Blocking cancer drug's toxic side effects

04 November 2010

US researchers have identified a compound that could drastically reduce toxic side effects associated with a widely used cancer drug. The research could improve anticancer treatment and drug tolerance among cancer patients.

Matthew Redinbo from the University of North Carolina had worked on cancer drug irinotecan, or CPT-11, for years, but when a colleague started undergoing treatment with the drug he became motivated to address the side effects. Now his lab, in collaboration with clinicians at the Albert Einstein College of Medicine in New York, has four candidates that could prevent the debilitating diarrhoea that CPT-11 causes.

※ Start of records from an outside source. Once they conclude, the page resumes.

lemma fabc_bar_meet_at_finite_point:
  assumes "0 < a1" "0 < a2"
    and "fabc_bar f1 f2 a1 b1 c1 \<inter> fabc_bar f1 f2 a2 b2 c2 = {(Fin xp, Fin yp)}"
  shows "deriv (fabc f1 f2 a1 b1 c1) xp = deriv (fabc f1 f2 a2 b2 c2) xp"
proof -
  have common:
    "q \<in> fabc_bar f1 f2 a1 b1 c1 \<and> q \<in> fabc_bar f1 f2 a2 b2 c2 \<longleftrightarrow> q = (Fin xp, Fin yp)" for q
    using assms(3) by blast
  have "b1 \<noteq> b2" using common[of "(Fin (- b1), Infty)"] by (auto simp: Fin_Infty_mem_fabc_bar)
  have "c1 \<noteq> c2" using common[of "(Infty, Fin c1)"] by (auto simp: Infty_Fin_mem_fabc_bar)
  have sole: "{x. x \<noteq> - b1 \<and> x \<noteq> - b2 \<and> fabc f1 f2 a1 b1 c1 x = fabc f1 f2 a2 b2 c2 x} = {xp}"
  proof (intro set_eqI iffI)
    fix x
    assume "x \<in> {x. x \<noteq> - b1 \<and> x \<noteq> - b2 \<and> fabc f1 f2 a1 b1 c1 x = fabc f1 f2 a2 b2 c2 x}"
    then show "x \<in> {xp}"
      using common[of "(Fin x, Fin (fabc f1 f2 a1 b1 c1 x))"] by (simp add: Fin_Fin_mem_fabc_bar)
  next
    fix x
    assume "x \<in> {xp}"
    then show "x \<in> {x. x \<noteq> - b1 \<and> x \<noteq> - b2 \<and> fabc f1 f2 a1 b1 c1 x = fabc f1 f2 a2 b2 c2 x}"
      using common[of "(Fin xp, Fin yp)"] by (simp add: Fin_Fin_mem_fabc_bar)
  qed
  show ?thesis
  proof (cases "b2 < b1")
    case True
    have "c1 < c2"
      by (rule fabc_asymptote_order_at_sole_crossing[OF assms(1,2) True \<open>c1 \<noteq> c2\<close> sole])
    then show ?thesis by (rule deriv_fabc_eq_at_sole_crossing[OF assms(1,2) True _ sole])
  next
    case False
    with \<open>b1 \<noteq> b2\<close> have "b1 < b2" by simp
    have "{x. x \<noteq> - b2 \<and> x \<noteq> - b1 \<and> fabc f1 f2 a2 b2 c2 x = fabc f1 f2 a1 b1 c1 x} =
      {x. x \<noteq> - b1 \<and> x \<noteq> - b2 \<and> fabc f1 f2 a1 b1 c1 x = fabc f1 f2 a2 b2 c2 x}"
      by (rule Collect_cong) auto
    with sole have sole':
      "{x. x \<noteq> - b2 \<and> x \<noteq> - b1 \<and> fabc f1 f2 a2 b2 c2 x = fabc f1 f2 a1 b1 c1 x} = {xp}"
      by simp
    have "c2 < c1"
      by (rule fabc_asymptote_order_at_sole_crossing[OF assms(2,1) \<open>b1 < b2\<close>
          \<open>c1 \<noteq> c2\<close>[symmetric] sole'])
    then show ?thesis
      by (rule deriv_fabc_eq_at_sole_crossing[OF assms(2,1) \<open>b1 < b2\<close> _ sole', symmetric])
  qed
qed

end

theorem lemma4p15:
  fixes f1 f2 :: "real \<Rightarrow> real" and a1 a2 b1 b2 c1 c2 :: real and p :: "circ \<times> circ"
  assumes "strongly_hyperbolic f1" and "strongly_hyperbolic f2"
    and "a1 > 0" and "a2 > 0"
    and "fabc_bar f1 f2 a1 b1 c1 \<noteq> fabc_bar f1 f2 a2 b2 c2"
    and "fabc_bar f1 f2 a1 b1 c1 \<inter> fabc_bar f1 f2 a2 b2 c2 = {p}"
  shows "(\<forall>b. p = (Fin b, Infty) \<longrightarrow> a1 = a2 \<and> b1 = -b \<and> b2 = -b \<and> c1 \<noteq> c2)
       \<and> (\<forall>c. p = (Infty, Fin c) \<longrightarrow> a1 = a2 \<and> b1 \<noteq> b2 \<and> c1 = c \<and> c2 = c)
       \<and> (\<forall>xp yp. p = (Fin xp, Fin yp) \<longrightarrow>
            deriv (fabc f1 f2 a1 b1 c1) xp = deriv (fabc f1 f2 a2 b2 c2) xp)"
proof -
  \<comment> \<open>The hypothesis that the closures differ follows from the singleton intersection.\<close>
  have "a1 = a2 \<and> b1 = -b \<and> b2 = -b \<and> c1 \<noteq> c2" if "p = (Fin b, Infty)" for b
    using fabc_bar_meet_at_vertical_asymptote[OF assms(1,2) assms(6)[unfolded that]] .
  moreover have "a1 = a2 \<and> b1 \<noteq> b2 \<and> c1 = c \<and> c2 = c" if "p = (Infty, Fin c)" for c
    using fabc_bar_meet_at_horizontal_asymptote[OF assms(1-4) assms(6)[unfolded that]] .
  moreover have "deriv (fabc f1 f2 a1 b1 c1) xp = deriv (fabc f1 f2 a2 b2 c2) xp"
    if "p = (Fin xp, Fin yp)" for xp yp
    using fabc_bar_meet_at_finite_point[OF assms(1-4) assms(6)[unfolded that]] .
  ultimately show ?thesis by blast
qed
lemma subdivision_path_edges:
  assumes "\<And>i. i < k \<Longrightarrow> \<sigma> {v (2 * i), v (2 * i + 2)} = v (2 * i + 1)"
  shows "subdivision (path_edges (Suc k) (\<lambda>i. v (2 * i))) \<sigma> = path_edges (Suc (2 * k)) v"
proof -
  have "subdivision (path_edges (Suc k) (\<lambda>i. v (2 * i))) \<sigma>
      = (\<Union>i<k. {{v (2 * i), v (2 * i + 1)}, {v (2 * i + 2), v (2 * i + 1)}})"
    unfolding subdivision_def path_edges_Suc_eq_image using assms by (simp add: algebra_simps)
  also have "\<dots> = path_edges (Suc (2 * k)) v"
  proof (intro equalityI subsetI)
    fix x
    assume "x \<in> (\<Union>i<k. {{v (2 * i), v (2 * i + 1)}, {v (2 * i + 2), v (2 * i + 1)}})"
    then obtain i where "i < k" "x = {v (2 * i), v (Suc (2 * i))} \<or> x = {v (Suc (2 * i)), v (Suc (Suc (2 * i)))}"
      by (auto simp: insert_commute)
    then show "x \<in> path_edges (Suc (2 * k)) v"
      unfolding path_edges_Suc_eq_image by force
  next
    fix x
    assume "x \<in> path_edges (Suc (2 * k)) v"
    then obtain j where j: "j < 2 * k" "x = {v j, v (Suc j)}"
      unfolding path_edges_Suc_eq_image by blast
    obtain i where "j = 2 * i \<or> j = 2 * i + 1"
      by (metis evenE oddE)
    then show "x \<in> (\<Union>i<k. {{v (2 * i), v (2 * i + 1)}, {v (2 * i + 2), v (2 * i + 1)}})"
      using j by (auto simp: insert_commute)
  qed
  finally show ?thesis .
qed
lemma sigma_sets_cylinders: "sigma_sets (space M) (cylinders i) = sets (\<G> i)"
proof
  have "A \<in> sets (\<G> i)" if cyl: "A \<in> cylinders i" for A
  proof -
    obtain N B where A: "A = {\<omega>\<in>space M. \<forall>j<N. \<xi> (i + int j) \<omega> \<in> B j}" and B: "\<forall>j<N. B j \<in> sets S"
      using cyl unfolding cylinders_def by blast
    have "\<xi> (i + int j) -` B j \<inter> space M \<in> sets (\<G> i)" if "j < N" for j
      using measurable_sets[OF measurable_xi_future[of i "i + int j"], of "B j"] B that by simp
    then have "space M \<inter> (\<Inter>j<N. \<xi> (i + int j) -` B j \<inter> space M) \<in> sets (\<G> i)"
    proof (cases "N = 0")
      case False
      then have "(\<Inter>j<N. \<xi> (i + int j) -` B j \<inter> space M) \<in> sets (\<G> i)"
        using \<open>\<And>j. j < N \<Longrightarrow> _\<close> by (intro sets.finite_INT) auto
      then show ?thesis using sets.top[of "\<G> i"] by (metis sets.Int space_future)
    qed (use sets.top[of "\<G> i"] in simp)
    moreover have "A = space M \<inter> (\<Inter>j<N. \<xi> (i + int j) -` B j \<inter> space M)" unfolding A by auto
    ultimately show ?thesis by simp
  qed
  then show "sigma_sets (space M) (cylinders i) \<subseteq> sets (\<G> i)"
    using sets.sigma_sets_subset[of "cylinders i" "\<G> i"] by auto
  show "sets (\<G> i) \<subseteq> sigma_sets (space M) (cylinders i)"
    unfolding sets_future
  proof (intro sigma_sets_mono subsetI, safe)
    fix k A assume k: "i \<le> k" and A: "A \<in> sets S"
    define B where "B j = (if j = nat (k - i) then A else space S)" for j
    have "\<xi> k -` A \<inter> space M = {\<omega>\<in>space M. \<forall>j<Suc (nat (k - i)). \<xi> (i + int j) \<omega> \<in> B j}"
      using measurable_space[OF measurable_xi] k by (auto simp: B_def less_Suc_eq_le)
    moreover have "\<forall>j<Suc (nat (k - i)). B j \<in> sets S" using A by (auto simp: B_def)
    ultimately show "\<xi> k -` A \<inter> space M \<in> sigma_sets (space M) (cylinders i)"
      unfolding cylinders_def by blast
  qed
qed

text \<open>Cylinders are an \<open>Int\<close>-stable generator of the future, so it suffices to compare
  integrals over cylinders, where reversibility applies.\<close>
lemma cond_exp_future_prev:
  fixes \<phi> :: "'s \<Rightarrow> real"
  assumes \<phi>[measurable]: "\<phi> \<in> borel_measurable S" and int_\<phi>: "integrable \<pi> \<phi>"
  shows "AE \<omega> in M. real_cond_exp M (\<G> (i + 1)) (\<lambda>\<omega>. \<phi> (\<xi> i \<omega>)) \<omega> = transition_op \<phi> (\<xi> (i + 1) \<omega>)"
proof (rule sigma_finite_subalgebra.real_cond_exp_charact[OF sigma_finite_future])
  show int_\<phi>\<xi>: "integrable M (\<lambda>\<omega>. \<phi> (\<xi> i \<omega>))"
    using int_\<phi> by (simp add: integrable_xi_iff)
  show int_P\<phi>: "integrable M (\<lambda>\<omega>. transition_op \<phi> (\<xi> (i + 1) \<omega>))"
    using integrable_transition_op[OF \<phi> int_\<phi>] by (simp add: integrable_xi_iff)
  show "(\<lambda>\<omega>. transition_op \<phi> (\<xi> (i + 1) \<omega>)) \<in> borel_measurable (\<G> (i + 1))"
    by (rule measurable_compose[OF measurable_xi_future]) auto
  have on_cylinders: "(\<integral>\<omega>\<in>A. \<phi> (\<xi> i \<omega>) \<partial>M) = (\<integral>\<omega>\<in>A. transition_op \<phi> (\<xi> (i + 1) \<omega>) \<partial>M)"
    if cyl: "A \<in> cylinders (i + 1)" for A
  proof -
    obtain N B where A: "A = {\<omega>\<in>space M. \<forall>j<N. \<xi> (i + 1 + int j) \<omega> \<in> B j}" and B: "\<forall>j<N. B j \<in> sets S"
      using cyl unfolding cylinders_def by blast
    have "(\<integral>\<omega>\<in>A. \<phi> (\<xi> i \<omega>) \<partial>M) = (\<integral>\<omega>. \<phi> (\<xi> i \<omega>) * cylinder_indicator (i + 1) N B \<omega> \<partial>M)"
      unfolding set_lebesgue_integral_def A
      by (intro Bochner_Integration.integral_cong) (auto simp: indicator_cylinder)
    also have "\<dots> = (\<integral>\<omega>. transition_op \<phi> (\<xi> (i + 1) \<omega>) * cylinder_indicator (i + 1) N B \<omega> \<partial>M)"
      by (rule integral_times_cylinder_indicator_reversed[OF \<phi> int_\<phi>]) (use B in auto)
    also have "\<dots> = (\<integral>\<omega>\<in>A. transition_op \<phi> (\<xi> (i + 1) \<omega>) \<partial>M)"
      unfolding set_lebesgue_integral_def A
      by (intro Bochner_Integration.integral_cong) (auto simp: indicator_cylinder)
    finally show ?thesis .
  qed
  fix A assume "A \<in> sets (\<G> (i + 1))"
  then have "A \<in> sigma_sets (space M) (cylinders (i + 1))" by (simp add: sigma_sets_cylinders)
  moreover have "cylinders (i + 1) \<subseteq> Pow (space M)" by (auto simp: cylinders_def)
  moreover have "sigma_sets (space M) (cylinders (i + 1)) \<subseteq> sets M"
    using subalgebra_future[of "i + 1"] by (simp add: sigma_sets_cylinders subalgebra_def)
  ultimately show "(\<integral>\<omega>\<in>A. \<phi> (\<xi> i \<omega>) \<partial>M) = (\<integral>\<omega>\<in>A. transition_op \<phi> (\<xi> (i + 1) \<omega>) \<partial>M)"
    using set_integral_eq_on_sigma_sets[OF Int_stable_cylinders _ space_in_cylinders _ int_\<phi>\<xi> int_P\<phi> on_cylinders]
    by blast
qed

end

section \<open>The martingale decomposition\<close>

lemma sum_int_atLeastAtMost_shift:
  fixes g :: "int \<Rightarrow> 'a::comm_monoid_add"
  shows "(\<Sum>j\<in>{k..k + int i}. g j) = (\<Sum>m\<le>i. g (k + int m))"
proof -
  have "{k..k + int i} = (\<lambda>m. k + int m) ` {..i}"
  proof
    show "{k..k + int i} \<subseteq> (\<lambda>m. k + int m) ` {..i}"
    proof
      fix j assume "j \<in> {k..k + int i}"
      then have "j = k + int (nat (j - k))" "nat (j - k) \<le> i" by auto
      then show "j \<in> (\<lambda>m. k + int m) ` {..i}" by blast
    qed
  qed auto
  moreover have "inj_on (\<lambda>m. k + int m) {..i}" by (auto simp: inj_on_def)
  ultimately show ?thesis by (simp add: sum.reindex)
qed

lemma sum_int_atLeastAtMost_of_nat:
  fixes g :: "int \<Rightarrow> 'a::comm_monoid_add"
  shows "(\<Sum>j\<in>{1..int k}. g j) = (\<Sum>i\<in>{1..k}. g (int i))"
proof -
  have "{1..int k} = int ` {1..k}"
  proof
    show "{1..int k} \<subseteq> int ` {1..k}"
    proof
      fix j assume "j \<in> {1..int k}"
      then have "j = int (nat j)" "nat j \<in> {1..k}" by auto
      then show "j \<in> int ` {1..k}" by blast
    qed
  qed auto
  then show ?thesis by (simp add: sum.reindex)
qed

lemma sum_int_atLeastAtMost_diff:
  fixes g :: "int \<Rightarrow> 'a::ab_group_add"
  assumes "0 \<le> j"
  shows "(\<Sum>l\<in>{1..int i + j}. g l) - (\<Sum>l\<in>{1..j}. g l) = (\<Sum>m\<in>{1..i}. g (j + int m))"
proof (induction i)
  case (Suc i)
  have "{1..int (Suc i) + j} = insert (j + int i + 1) {1..int i + j}" using assms by auto
  then show ?case using Suc by (simp add: algebra_simps)
qed simp

text \<open>The algebra behind the decomposition: \<open>a = b + u - c\<close> stands for
  \<open>h = h' + f - pred_sum n / n\<close> evaluated along the chain.\<close>
lemma sum_decomposition_telescope:
  fixes a b u c :: "nat \<Rightarrow> real"
  assumes "\<And>i. a i = b i + u i - c i"
  shows "(\<Sum>i\<in>{1..k}. a i - b (i - 1)) + (\<Sum>i<k. a i - b (Suc i)) + (u k - u 0)
           + (\<Sum>i\<in>{1..k}. c (i - 1) + c i) = 2 * (\<Sum>i\<in>{1..k}. u i)"
proof (induction k)
  case (Suc k)
  then show ?case using assms[of k] assms[of "Suc k"] by (simp add: algebra_simps)
qed simp

lemma sum_forward_telescope:
  fixes a b u c :: "nat \<Rightarrow> real"
  assumes "\<And>i. a i = b i + u i - c i"
  shows "(\<Sum>i\<in>{1..k}. a i - b (i - 1)) = (\<Sum>i\<in>{1..k}. u i) - (\<Sum>i\<in>{1..k}. c i) + b k - b 0"
proof (induction k)
  case (Suc k)
  then show ?case using assms[of "Suc k"] by (simp add: algebra_simps)
qed simp

locale reversible_markov_functional = reversible_markov_chain M S \<pi> Q \<xi>
  for M :: "'a measure" and S :: "'s measure" and \<pi> Q \<xi> +
  fixes f :: "'s \<Rightarrow> real" and n :: nat
  assumes measurable_f[measurable]: "f \<in> borel_measurable S"
    and integrable_f: "integrable \<pi> f"
    and n_pos: "1 \<le> n"
begin
lemma alternating_then_paired_separates:
  assumes "q + 4 \<le> r" "even (r - q)" "s = 2 * ((r - 1) div 2)"
  shows "alternating_then_paired s q \<noteq> alternating_then_paired s r"
proof -
  have "q \<le> s" "q mod 2 = r mod 2" using assms by presburger+
  then have q: "alternating_then_paired s q = r mod 2" unfolding alternating_then_paired_def by simp
  have "even s" using assms(3) by simp
  then have "alternating_then_paired s (s + 1) = 0" "alternating_then_paired s (s + 2) = 1"
    using alternating_then_paired_after[of s 1] alternating_then_paired_after[of s 2] by presburger+
  moreover have "r = s + 1 \<and> odd r \<or> r = s + 2 \<and> even r" using assms(1,3) by presburger
  ultimately show ?thesis using q by auto
qed

lemma extra_triple_rotated_positions:
  assumes "even n" "12 \<le> n" "v < n" "v \<notin> {0, 4, 8}"
  obtains x y where "x \<in> {0, 4, 8}" "y \<in> {0, 4, 8}"
    "(x + (n - Suc v)) mod n + 4 \<le> (y + (n - Suc v)) mod n"
    "even ((y + (n - Suc v)) mod n - (x + (n - Suc v)) mod n)" "(y + (n - Suc v)) mod n + 2 \<le> n"
proof -
  have P0: "(0 + (n - Suc v)) mod n = n - 1 - v" using assms(3) by simp
  consider "v < 4" | "4 < v" "v < 8" | "8 < v" using assms(4) by fastforce
  then show thesis
  proof cases
    case 1
    have "(8 + (n - Suc v)) mod n = (7 - v + n) mod n"
      using 1 assms(3) by (intro arg_cong[where f = "\<lambda>x. x mod n"]) simp
    also have "\<dots> = 7 - v" using assms(2) by (simp only: mod_add_self2) simp
    finally show thesis using P0 1 assms by (intro that[of 8 0]) simp_all
  next
    case 2
    have "(4 + (n - Suc v)) mod n = n + 3 - v" using 2 assms(3) by simp
    then show thesis using P0 2 assms by (intro that[of 0 4]) simp_all
  next
    case 3
    have "(4 + (n - Suc v)) mod n = n + 3 - v" "(8 + (n - Suc v)) mod n = n + 7 - v"
      using 3 assms(3) by simp_all
    then show thesis using 3 assms by (intro that[of 4 8]) simp_all
  qed
qed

Irinotecan is mainly used against colon cancer, but the severe diarrhoea that can be a major side effect of treatment can lead to hospitalisation. This side effect often restricts the dose that can be given to patients and that can limit the drug's efficacy. 'The difference between reading about what the side effect is and then hearing about it from a friend is a big difference,' Redinbo says, explaining why he decided to tackle the side effects of irinotecan directly.

The intravenous treatment is a prodrug, meaning it remains inactive until metabolised in the body to give an active drug that prevents DNA unwinding and being replicated in cells. Some of this drug attacks tumour cells but much is deactivated in the liver and transferred to the intestines for excretion. The severe diarrhoea is thought to be caused by reactivation of the drug by bacteria in the patient's intestines, which then kills the intestinal cells.

Researchers identified compounds (yellow) that target and bind to a specific enzyme (purple and blue), blocking the reaction that leads to irinotecan's debilitating side effects
© Bret D. Wallace and Matthew R. Redinbo, UNC-Chapel Hill

The researchers screened 10,000 compounds and found four potential inhibitors of bacterial beta-glucuronidase, the enzyme thought to be responsible for reactivating irinotecan in the gut. These inhibit the bacterial enzyme, but do not affect other intestinal enzymes because the inhibitor interacts with a small loop in the enzyme not present in its mammalian counterparts.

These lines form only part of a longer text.